Yeah, so two thirds of the portfolio is doing really well. Even if we’re successful with the ipo, most of those earnings will still flow through health peaks financial statements. So there really is any impact from the IPO there, which is one reason we really liked it as an, as an alternative outcome for shareholders. The outpatient fundamentals are very strong. If anything, the growth outlook in 27 looks even more favorable just given the leasing trajectory and occupancy trajectory. And we obviously see life science coming down. I mean, we said throughout this call we see occupancy increasing a bit from year end 25 through year end 26.

That should be a positive. The variables are obviously what happens with interest rates. As Rich pointed out, we still have some refinancing to do over the coming years, but the building blocks of the actual portfolio sure feel like 26 absolutely would be a bottom.

James Feldman

Okay, great. That’s super helpful. And then just how do you think about doing an equity acquisition like you did versus some of the higher yielding mezz or loan to own deals you had done in the past at higher yields? Why the transition to put so much capital into that type of investment versus more fixed income type stuff?

Scott Brinker

Yeah, I mean, we only did 2 of the loans.

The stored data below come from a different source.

lemma rank_four_block_mat_factored:
  fixes A X Y :: "'a::field mat"
  assumes A: "A \<in> carrier_mat m n" and X: "X \<in> carrier_mat p m" and Y: "Y \<in> carrier_mat n q"
  shows "vec_space.rank (m + p) (four_block_mat A (A * Y) (X * A) (X * A * Y)) = vec_space.rank m A"
proof -
  define K where "K = four_block_mat A (A * Y) (X * A) (X * A * Y)"
  have K: "K \<in> carrier_mat (m + p) (n + q)" unfolding K_def using A X Y by simp
  define A' where "A' = four_block_mat A (0\<^sub>m m 0) (0\<^sub>m 0 n) (0\<^sub>m 0 0)"
  have A'_eq: "A' = A" unfolding A'_def using A by (intro eq_matI) auto
  define L where "L = four_block_mat (1\<^sub>m m) (0\<^sub>m m 0) X (0\<^sub>m p 0)"
  define R where "R = four_block_mat (1\<^sub>m n) Y (0\<^sub>m 0 n) (0\<^sub>m 0 q)"
  have L: "L \<in> carrier_mat (m + p) m" unfolding L_def using X by (intro carrier_matI) auto
  have R: "R \<in> carrier_mat n (n + q)" unfolding R_def using Y by (intro carrier_matI) auto
  have LA': "L * A' = four_block_mat A (0\<^sub>m m 0) (X * A) (0\<^sub>m p 0)"
    unfolding L_def A'_def using A X by (subst mult_four_block_mat[of _ m m _ 0 _ p]) auto
  have factor: "L * A' * R = K"
    unfolding LA' R_def K_def using A X Y by (subst mult_four_block_mat[of _ m n _ 0 _ p]) auto
  define S where "S = four_block_mat (1\<^sub>m m :: 'a mat) (0\<^sub>m m p) (0\<^sub>m 0 m) (0\<^sub>m 0 p)"
  define T where "T = four_block_mat (1\<^sub>m n :: 'a mat) (0\<^sub>m n 0) (0\<^sub>m q n) (0\<^sub>m q 0)"
  have S: "S \<in> carrier_mat m (m + p)" unfolding S_def by (intro carrier_matI) auto
  have T: "T \<in> carrier_mat (n + q) n" unfolding T_def by (intro carrier_matI) auto
  have SK: "S * K = four_block_mat A (A * Y) (0\<^sub>m 0 n) (0\<^sub>m 0 q)"
    unfolding S_def K_def using A X Y by (subst mult_four_block_mat[of _ m m _ p _ 0]) auto
  have select: "S * K * T = A"
    unfolding SK T_def using A Y
    by (subst mult_four_block_mat[of _ m n _ q _ 0]) (auto intro!: eq_matI)
  have "vec_space.rank (m + p) K \<le> vec_space.rank m A"
    using rank_mult_le_middle[OF L A R] factor A'_eq by simp
  moreover have "vec_space.rank m A \<le> vec_space.rank (m + p) K"
    using rank_mult_le_middle[OF S K T] select by simp
  ultimately show ?thesis unfolding K_def by simp
qed

lemma pow_mat_Suc_left:
  fixes A :: "'a::semiring_1 mat"
  assumes A: "A \<in> carrier_mat n n"
  shows "A ^\<^sub>m Suc k = A * A ^\<^sub>m k"
proof (induction k)
  case 0
  then show ?case using A by simp
next
  case (Suc k)
  have "A ^\<^sub>m Suc (Suc k) = (A * A ^\<^sub>m k) * A" using Suc by simp
  also have "\<dots> = A * A ^\<^sub>m Suc k" using A by (simp add: assoc_mult_mat[of A n n _ n A n])
  finally show ?case .
qed

lemma inner_inverse_idempotent:
  fixes A X :: "'a::semiring_1 mat"
  assumes A: "A \<in> carrier_mat m n" and X: "X \<in> carrier_mat n m" and AXA: "A * X * A = A"
  shows "(A * X) * (A * X) = A * X" and "(X * A) * (X * A) = X * A"
proof -
  have "(A * X) * (A * X) = (A * X * A) * X"
    using assoc_mult_mat[OF mult_carrier_mat[OF A X] A X] by simp
  then show "(A * X) * (A * X) = A * X" using AXA by simp
  have "(X * A) * (X * A) = X * (A * X * A)"
    using assoc_mult_mat[OF X A mult_carrier_mat[OF X A]] assoc_mult_mat[OF A X A] by simp
  then show "(X * A) * (X * A) = X * A" using AXA by simp
qed
(* For all integers $n\ge 2$ and $0\le m\le n(n-1)$, the algebraic connectivity of $\mathbb G(n,m)$ equals $\lfloor \frac{m}{n-1}\rfloor$.
   Context: For integers $n\ge2$ and $0\le m\le n(n-1)$, $\mathbb G(n,m)$ is the simple directed graph on vertex set $\{1,\dots,n\}$ whose arc set is $\{(\lceil \frac{i}{n-1}\rceil,\ n-((i-1)\bmod n)) : i=1,\dots,m\}$, where an arc $(j,k)$ goes from $j$ to $k$ and $a\bmod b\in\{0,\dots,b-1\}$ is the remainder; these $m$ pairs are pairwise distinct pairs of distinct vertices (equivalently, $\mathbb G(n,0)$ is empty and $\mathbb G(n,m)$ is obtained from $\mathbb G(n,m-1)$ by adding the arc $(\lceil \frac{m}{n-1}\rceil, n-((m-1)\bmod n))$). The (in-degree) Laplacian of a directed graph is $L=D-A$, $D$ the diagonal matrix of in-degrees, $A_{ij}=1$ if $(j,i)$ is an arc and $0$ otherwise. The algebraic connectivity is the second smallest real part among the $n$ eigenvalues of $L$ counted with algebraic multiplicity. *)

theory Defs
  imports "Jordan_Normal_Form.Char_Poly" "HOL-Computational_Algebra.Fundamental_Theorem_Algebra"
    "HOL-Library.Multiset"
begin

text \<open>Arc set of the digraph G(n,m) on vertex set {1..n}; an arc (j,k) goes from j to k.\<close>
definition G_arcs :: "nat \<Rightarrow> nat \<Rightarrow> (nat \<times> nat) set" where
  "G_arcs n m = (\<lambda>i. (nat \<lceil>real i / real (n - 1)\<rceil>, n - ((i - 1) mod n))) ` {1..m}"

definition in_degree :: "(nat \<times> nat) set \<Rightarrow> nat \<Rightarrow> nat" where
  "in_degree E v = card {u. (u, v) \<in> E}"

text \<open>In-degree Laplacian L = D - A (A_ij = 1 iff (j,i) is an arc), as an n x n complex
  matrix; row/column index r (0-based) corresponds to vertex r+1.\<close>
definition laplacian :: "nat \<Rightarrow> (nat \<times> nat) set \<Rightarrow> complex mat" where
  "laplacian n E = mat n n (\<lambda>(r, c).
      (if r = c then of_nat (in_degree E (r + 1)) else 0)
      - (if (c + 1, r + 1) \<in> E then 1 else 0))"

definition eigenvalues_mset :: "complex mat \<Rightarrow> complex multiset" where
  "eigenvalues_mset A = proots (char_poly A)"

definition algebraic_connectivity :: "nat \<Rightarrow> (nat \<times> nat) set \<Rightarrow> real" where
  "algebraic_connectivity n E =
     sorted_list_of_multiset (image_mset Re (eigenvalues_mset (laplacian n E))) ! 1"

end

(*
  Let q = m div (n - 1). In G(n,m) each of the (0-based) vertices 0, ..., q - 1 has an arc to every
  other vertex, vertex q has arcs to fewer than n - 1 others, and the remaining vertices have no
  out-arcs. The rows of the Laplacian L sum to zero, so replacing the basis vector e_p
  (p = min q (n - 1)) by the all-ones vector makes column p vanish; in that basis L becomes lower
  triangular with diagonal entry 0 at p and q + [q -> i] at every i different from p. Since vertex q
  misses at least one target, the second smallest eigenvalue is q.
*)
theory Submission
  imports Defs "HOL-Number_Theory.Cong"
begin

lemma sorted_list_of_multiset_add_mset_nth_1:
  fixes a x :: "'a :: linorder"
  assumes "x \<in># N" and "\<And>y. y \<in># N \<Longrightarrow> x \<le> y" and "a \<le> x"
  shows "sorted_list_of_multiset (add_mset a N) ! 1 = x"
proof -
  have "x \<in> set (sorted_list_of_multiset N)"
    using assms(1) by simp
  then obtain b ys where bys: "sorted_list_of_multiset N = b # ys"
    by (cases "sorted_list_of_multiset N") auto
  have "b \<le> x"
    using bys assms(1) sorted_sorted_list_of_multiset[of N] by (metis set_ConsD set_sorted_list_of_multiset sorted_simps(2) order.refl)
  moreover have "x \<le> b"
    using bys assms(2) by (metis list.set_intros(1) set_sorted_list_of_multiset)
  ultimately show ?thesis
    using bys assms(3) by simp
qed

lemma proots_prod_list_linear_factors:
  "proots (\<Prod>a\<leftarrow>xs. [:- a, 1:]) = mset (xs :: 'a :: idom list)"
proof (induction xs)
  case (Cons a xs)
  have "(\<Prod>a\<leftarrow>xs. [:- a, 1:]) \<noteq> 0"
    by (auto simp: prod_list_zero_iff)
  then show ?case
    using Cons.IH proots_mult[of "[:- a, 1:]" "\<Prod>a\<leftarrow>xs. [:- a, 1:]"] by simp
qed simp

lemma eigenvalues_mset_lower_triangular:
  assumes "A \<in> carrier_mat n n" and "\<And>i j. i < j \<Longrightarrow> j < n \<Longrightarrow> A $$ (i, j) = 0"
  shows "eigenvalues_mset A = image_mset (\<lambda>i. A $$ (i, i)) (mset_set {..<n})"
proof -
  have "upper_triangular (transpose_mat A)"
    using assms by (auto simp: upper_triangular_def)
  then have "char_poly A = (\<Prod>a\<leftarrow>diag_mat (transpose_mat A). [:- a, 1:])"
    using assms(1) char_poly_upper_triangular[of "transpose_mat A" n] by simp
  moreover have "diag_mat (transpose_mat A) = map (\<lambda>i. A $$ (i, i)) [0..<n]"
    using assms(1) by (auto simp: diag_mat_def)
  ultimately show ?thesis
    by (simp add: eigenvalues_mset_def proots_prod_list_linear_factors mset_upt atLeast0LessThan
        flip: map_map)
qed

definition ones_column_mat :: "nat \<Rightarrow> nat \<Rightarrow> 'a :: comm_ring_1 mat" where
  "ones_column_mat n p = mat n n (\<lambda>(i, j). if i = j \<or> j = p then 1 else 0)"

definition ones_column_mat_inv :: "nat \<Rightarrow> nat \<Rightarrow> 'a :: comm_ring_1 mat" where
  "ones_column_mat_inv n p = mat n n (\<lambda>(i, j). if i = j then 1 else if j = p then -1 else 0)"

Those are just unique situations. In San Diego about a year ago. We do like those in terms of the risk profile versus the return. So if those were opportunities in 26, we continue to look at those. This was just a unique opportunity to buy a campus we absolutely wanted to own from day one at a break even yield with the ability to capture a bunch of upside. So it’s just different dynamics. The two loans we did, those buildings were essentially empty. So just a very different return profile where we thought the loan with a pathway to ownership was the right structure for those two particular deals.

James Feldman

Okay, all right, great. Thank you for taking the question.

Scott Brinker

Yeah, thanks, Jamie.

operator

This concludes our question and answer session. I would like to turn the conference back over to Scott Brinker for any closing remarks.

Scott Brinker

Thanks for your time, everyone. Hopefully we’ll see you tomorrow in Florida. Take care.

operator

The conference has now concluded. Thank you for attending today’s presentation. You may now disconnect.